Purpose: To investigate the mechanism of the intracellular glutathione elevation induced by low-dose γ-radiation. Materials and methods: RAW 264.7 cells were irradiated with 1-400cGy γ-rays. Intracellular total glutathione content was determined by DTNB-recycling assay. Expression of mRNA for intracellular glutathione synthesis-related enzymes with or without treatment with various inhibitors of second messengers of gene expression were examined by Northern blot analysis.

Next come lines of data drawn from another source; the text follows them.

(* Let $K$ be a field, $\Lambda=(KQ/\langle I\rangle,|\cdot|)$ a graded pinched gentle algebra, $(\alpha,\beta)$ an acyclic graded Kronecker of $\Lambda$ with source $1$ and target $2$, $\mu\in K^*$, and $B=(P_2[|\alpha|]\oplus P_1[1],\partial=\begin{pmatrix}0&\alpha+\mu\beta\\0&0\end{pmatrix})\in\mathcal{P}(\Lambda)^{pre-tr}$. Then $H^*\mathrm{End}_{\mathcal{P}(\Lambda)^{pre-tr}}(B)\simeq K[x]/(x^2)$, where $x$ is of degree $1$.
   Context: Paths in $Q$ are composed right to left; $e_a$ trivial path, $P_a=e_a\Lambda$. Graded pinched gentle: $Q_1=Q_1^g\sqcup Q_1^p$, $I=I^g\sqcup I^p$, $(Q^g,\langle I^g\rangle)$ gentle (each vertex at most two incoming/outgoing arrows; $I^g$ paths of length two with, for each arrow $\alpha$, at most one arrow $\beta$ with $\alpha\beta$ a path in $I^g$, at most one $\gamma$ with $\gamma\alpha$ in $I^g$, at most one $\beta'$ with $\alpha\beta'$ a path not in $I^g$, at most one $\gamma'$ with $\gamma'\alpha$ not in $I^g$), $Q_1^p$ degree-zero loops at distinct vertices, and for each $v$ with loop $\gamma_v$, arrows $\alpha_v^\pm,\beta_v^\pm$ of $Q^g$ at $v$ with $\beta_v^+\alpha_v^-,\alpha_v^+\beta_v^-\in I^g$ give $I^p=\{\beta_v^+(\gamma_v+e_v),(\gamma_v+e_v)\beta_v^-,\alpha_v^+(\gamma_v-e_v),(\gamma_v-e_v)\alpha_v^-\}$. Graded Kronecker: arrows $\alpha,\beta$ of $Q^g$, not loops, common source $1$, common target $2$, $|\alpha|=|\beta|$, no loop of $Q_1^p$ at $1$ or $2$; acyclic: $\alpha,\beta$ not on an oriented cycle of $(Q^g,I^g)$. $\mathcal{P}(\Lambda)$ is the DG category with objects $Q_0$ (vertex $i$ written $P_i$), $\mathrm{Hom}(i,j)=e_j\Lambda e_i$ graded, zero differential. $\mathcal{P}(\Lambda)^{pre-tr}$ (one-sided twisted complexes): objects $(\bigoplus_iC_i[r_i],\partial)$ with $\partial$ strictly upper triangular, entries $\partial_{ij}\in\mathrm{Hom}(C_j,C_i)$ of degree $r_i-r_j+1$, $d_{naive}\partial+\partial^2=0$; morphisms are matrices of morphisms, an entry $b:C_l\to C'_k$ having degree $|b|+r_l-r'_k$; composition by matrix multiplication; $df=d_{naive}f+\partial'f-(-1)^lf\partial$ for $f$ of degree $l$. *)

theory Defs
  imports Main
begin

record ('v,'a) gquiver =
  qV :: "'v set"
  qA :: "'a set"
  qs :: "'a \<Rightarrow> 'v"
  qt :: "'a \<Rightarrow> 'v"
  qdeg :: "'a \<Rightarrow> int"

text \<open>A path is a pair (source vertex, list of arrows). Paths are composed right to
left: the list [a_n, ..., a_1] is the path a_n ... a_1 (a_1 is traversed first).
The empty list at vertex v is the trivial path e_v.\<close>
type_synonym ('v,'a) path = "'v \<times> 'a list"

definition valid_path :: "('v,'a,'c) gquiver_scheme \<Rightarrow> ('v,'a) path \<Rightarrow> bool" where
  "valid_path Q p \<longleftrightarrow> fst p \<in> qV Q \<and> set (snd p) \<subseteq> qA Q \<and>
     (snd p \<noteq> [] \<longrightarrow> qs Q (last (snd p)) = fst p) \<and>
     (\<forall>i. Suc i < length (snd p) \<longrightarrow> qs Q (snd p ! i) = qt Q (snd p ! Suc i))"

definition psrc :: "('v,'a) path \<Rightarrow> 'v" where
  "psrc p = fst p"

definition ptgt :: "('v,'a,'c) gquiver_scheme \<Rightarrow> ('v,'a) path \<Rightarrow> 'v" where
  "ptgt Q p = (if snd p = [] then fst p else qt Q (hd (snd p)))"

definition pdeg :: "('v,'a,'c) gquiver_scheme \<Rightarrow> ('v,'a) path \<Rightarrow> int" where
  "pdeg Q p = sum_list (map (qdeg Q) (snd p))"

text \<open>Elements of KQ: finitely supported K-valued functions on valid paths.\<close>
type_synonym ('v,'a,'k) kq = "('v,'a) path \<Rightarrow> 'k"

definition in_KQ :: "('v,'a,'c) gquiver_scheme \<Rightarrow> ('v,'a,'k::zero) kq \<Rightarrow> bool" where
  "in_KQ Q f \<longleftrightarrow> finite {p. f p \<noteq> 0} \<and> (\<forall>p. f p \<noteq> 0 \<longrightarrow> valid_path Q p)"

definition kq_zero :: "('v,'a,'k::zero) kq" where
  "kq_zero = (\<lambda>p. 0)"

definition kq_add :: "('v,'a,'k::plus) kq \<Rightarrow> ('v,'a,'k) kq \<Rightarrow> ('v,'a,'k) kq" where
  "kq_add f g = (\<lambda>p. f p + g p)"

definition kq_diff :: "('v,'a,'k::minus) kq \<Rightarrow> ('v,'a,'k) kq \<Rightarrow> ('v,'a,'k) kq" where
  "kq_diff f g = (\<lambda>p. f p - g p)"

definition kq_smult :: "'k::times \<Rightarrow> ('v,'a,'k) kq \<Rightarrow> ('v,'a,'k) kq" where
  "kq_smult c f = (\<lambda>p. c * f p)"

definition path_elem :: "('v,'a) path \<Rightarrow> ('v,'a,'k::{zero,one}) kq" where
  "path_elem p = (\<lambda>q. if q = p then 1 else 0)"

text \<open>Multiplication: the path p composed after q (written p q) is concatenation
when the source of p is the target of q, and 0 otherwise (extended bilinearly).\<close>
definition kq_mult :: "('v,'a,'c) gquiver_scheme \<Rightarrow> ('v,'a,'k::comm_semiring_1) kq
    \<Rightarrow> ('v,'a,'k) kq \<Rightarrow> ('v,'a,'k) kq" where
  "kq_mult Q f g = (\<lambda>(v, xs). \<Sum>i\<in>{0..length xs}.
      f (ptgt Q (v, drop i xs), take i xs) * g (v, drop i xs))"

inductive_set kq_ideal :: "('v,'a,'c) gquiver_scheme \<Rightarrow> ('v,'a,'k::comm_ring_1) kq set
    \<Rightarrow> ('v,'a,'k) kq set"
  for Q :: "('v,'a,'c) gquiver_scheme" and R :: "('v,'a,'k) kq set" where
  zero: "kq_zero \<in> kq_ideal Q R"
| gen: "r \<in> R \<Longrightarrow> in_KQ Q x \<Longrightarrow> in_KQ Q y \<Longrightarrow> kq_mult Q (kq_mult Q x r) y \<in> kq_ideal Q R"
| add: "f \<in> kq_ideal Q R \<Longrightarrow> g \<in> kq_ideal Q R \<Longrightarrow> kq_add f g \<in> kq_ideal Q R"

text \<open>Homogeneous elements of e_j KQ e_i of degree n (representatives of Hom(P_i,P_j)
in degree n of the graded algebra KQ/<R>).\<close>
definition kq_hom :: "('v,'a,'c) gquiver_scheme \<Rightarrow> 'v \<Rightarrow> 'v \<Rightarrow> int \<Rightarrow> ('v,'a,'k::zero) kq set" where
  "kq_hom Q i j n = {f. in_KQ Q f \<and>
     (\<forall>p. f p \<noteq> 0 \<longrightarrow> psrc p = i \<and> ptgt Q p = j \<and> pdeg Q p = n)}"

section \<open>Graded pinched gentle algebras\<close>

text \<open>Q is the whole quiver; its arrows are Ag (the arrows of Q^g) together with the
degree-zero loops gam v at the vertices v in Lv (the arrows of Q^p). Ig is the set of
relations of Q^g: a pair (x, y) stands for the length-two path x y (y then x).
alp, alm, bep, bem are the arrows alpha_v^+, alpha_v^-, beta_v^+, beta_v^- at v.\<close>
definition graded_pinched_gentle ::
  "('v,'a,'c) gquiver_scheme \<Rightarrow> 'a set \<Rightarrow> 'v set \<Rightarrow> ('v \<Rightarrow> 'a) \<Rightarrow>
   ('v \<Rightarrow> 'a) \<Rightarrow> ('v \<Rightarrow> 'a) \<Rightarrow> ('v \<Rightarrow> 'a) \<Rightarrow> ('v \<Rightarrow> 'a) \<Rightarrow> ('a \<times> 'a) set \<Rightarrow> bool" where
  "graded_pinched_gentle Q Ag Lv gam alp alm bep bem Ig \<longleftrightarrow>
     finite (qV Q) \<and> finite (qA Q) \<and>
     (\<forall>x\<in>qA Q. qs Q x \<in> qV Q \<and> qt Q x \<in> qV Q) \<and>
     qA Q = Ag \<union> gam ` Lv \<and> Ag \<inter> gam ` Lv = {} \<and> Lv \<subseteq> qV Q \<and>
     \<comment> \<open>Q^p: degree-zero loops at distinct vertices\<close>
     inj_on gam Lv \<and>
     (\<forall>v\<in>Lv. qs Q (gam v) = v \<and> qt Q (gam v) = v \<and> qdeg Q (gam v) = 0) \<and>
     \<comment> \<open>(Q^g, <I^g>) gentle\<close>
     (\<forall>v\<in>qV Q. card {x\<in>Ag. qt Q x = v} \<le> 2 \<and> card {x\<in>Ag. qs Q x = v} \<le> 2) \<and>
     Ig \<subseteq> {(x, y). x \<in> Ag \<and> y \<in> Ag \<and> qs Q x = qt Q y} \<and>
     (\<forall>x\<in>Ag. card {y\<in>Ag. qs Q x = qt Q y \<and> (x, y) \<in> Ig} \<le> 1) \<and>
     (\<forall>x\<in>Ag. card {y\<in>Ag. qs Q y = qt Q x \<and> (y, x) \<in> Ig} \<le> 1) \<and>
     (\<forall>x\<in>Ag. card {y\<in>Ag. qs Q x = qt Q y \<and> (x, y) \<notin> Ig} \<le> 1) \<and>
     (\<forall>x\<in>Ag. card {y\<in>Ag. qs Q y = qt Q x \<and> (y, x) \<notin> Ig} \<le> 1) \<and>
     \<comment> \<open>the arrows alpha_v^+-, beta_v^+- of Q^g at a vertex v carrying a loop of Q^p\<close>
     (\<forall>v\<in>Lv. alp v \<in> Ag \<and> alm v \<in> Ag \<and> bep v \<in> Ag \<and> bem v \<in> Ag \<and>
        qs Q (alp v) = v \<and> qs Q (bep v) = v \<and> qt Q (alm v) = v \<and> qt Q (bem v) = v \<and>
        alp v \<noteq> bep v \<and> alm v \<noteq> bem v \<and>
        (bep v, alm v) \<in> Ig \<and> (alp v, bem v) \<in> Ig)"

text \<open>The generating set I = I^g \<union> I^p of the ideal, as elements of KQ.\<close>
definition pg_rels ::
  "('v,'a,'c) gquiver_scheme \<Rightarrow> 'v set \<Rightarrow> ('v \<Rightarrow> 'a) \<Rightarrow>
   ('v \<Rightarrow> 'a) \<Rightarrow> ('v \<Rightarrow> 'a) \<Rightarrow> ('v \<Rightarrow> 'a) \<Rightarrow> ('v \<Rightarrow> 'a) \<Rightarrow> ('a \<times> 'a) set \<Rightarrow>
   ('v,'a,'k::comm_ring_1) kq set" where
  "pg_rels Q Lv gam alp alm bep bem Ig =
     {path_elem (qs Q y, [x, y]) | x y. (x, y) \<in> Ig} \<union>
     (\<Union>v\<in>Lv.
       { kq_add (path_elem (v, [bep v, gam v])) (path_elem (v, [bep v])),
         kq_add (path_elem (qs Q (bem v), [gam v, bem v])) (path_elem (qs Q (bem v), [bem v])),
         kq_diff (path_elem (v, [alp v, gam v])) (path_elem (v, [alp v])),
         kq_diff (path_elem (qs Q (alm v), [gam v, alm v])) (path_elem (qs Q (alm v), [alm v])) })"

definition graded_kronecker ::
  "('v,'a,'c) gquiver_scheme \<Rightarrow> 'a set \<Rightarrow> 'v set \<Rightarrow> 'a \<Rightarrow> 'a \<Rightarrow> 'v \<Rightarrow> 'v \<Rightarrow> bool" where
  "graded_kronecker Q Ag Lv al be v1 v2 \<longleftrightarrow>
     al \<in> Ag \<and> be \<in> Ag \<and> al \<noteq> be \<and>
     qs Q al \<noteq> qt Q al \<and> qs Q be \<noteq> qt Q be \<and>
     qs Q al = v1 \<and> qs Q be = v1 \<and> qt Q al = v2 \<and> qt Q be = v2 \<and>
     qdeg Q al = qdeg Q be \<and> v1 \<notin> Lv \<and> v2 \<notin> Lv"

definition oriented_cycle_g ::
  "('v,'a,'c) gquiver_scheme \<Rightarrow> 'a set \<Rightarrow> ('a \<times> 'a) set \<Rightarrow> 'a list \<Rightarrow> bool" where
  "oriented_cycle_g Q Ag Ig c \<longleftrightarrow> c \<noteq> [] \<and> set c \<subseteq> Ag \<and>
     (\<forall>i. Suc i < length c \<longrightarrow> qs Q (c ! i) = qt Q (c ! Suc i) \<and> (c ! i, c ! Suc i) \<notin> Ig) \<and>
     qt Q (hd c) = qs Q (last c)"

definition acyclic_kronecker ::
  "('v,'a,'c) gquiver_scheme \<Rightarrow> 'a set \<Rightarrow> ('a \<times> 'a) set \<Rightarrow> 'a \<Rightarrow> 'a \<Rightarrow> bool" where
  "acyclic_kronecker Q Ag Ig al be \<longleftrightarrow>
     \<not> (\<exists>c. oriented_cycle_g Q Ag Ig c \<and> (al \<in> set c \<or> be \<in> set c))"

section \<open>One-sided twisted complexes over P(Lambda)\<close>

text \<open>An object of P(Lambda)^pre-tr is a list [(v_0, r_0), ..., (v_{m-1}, r_{m-1})]
(standing for the sum of the P_{v_i}[r_i]) together with a matrix D of elements of
Lambda (represented in KQ).\<close>
type_synonym 'v tw_obj = "('v \<times> int) list"
type_synonym ('v,'a,'k) kq_mat = "nat \<Rightarrow> nat \<Rightarrow> ('v,'a,'k) kq"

Results: Expression of mRNA for γ-glutamylcysteine synthetase (γ-GCS), a rate-limiting enzyme of the de novo glutathione synthesis pathway, was elevated much more than that of glutathione reductase (GR) mRNA after exposure to 50cGy γ-rays. The low-dose γ-ray-induced γ-GCS mRNA elevation was abolished by inhibitors of protein kinase C and protein tyrosine kinase, as well as by the calcium ion channel blocker, nifedipine. Calcium-related reagents, such BAPTA/AM and EGTA, chelators of intra- and extracellular Ca²⁺ respectively, and a Ca²⁺ ionophore (A23187), also strongly blocked the elevation of γ-GCS mRNA expression induced by γ-rays. Conclusions: The increase of intracellular glutathione in RAW 264.7 soon after low-dose γ-ray exposure mainly occurs through the operation of the de novo pathway, following by the induction of γ-GCS mRNA, for which elevation of intracellular calcium is required.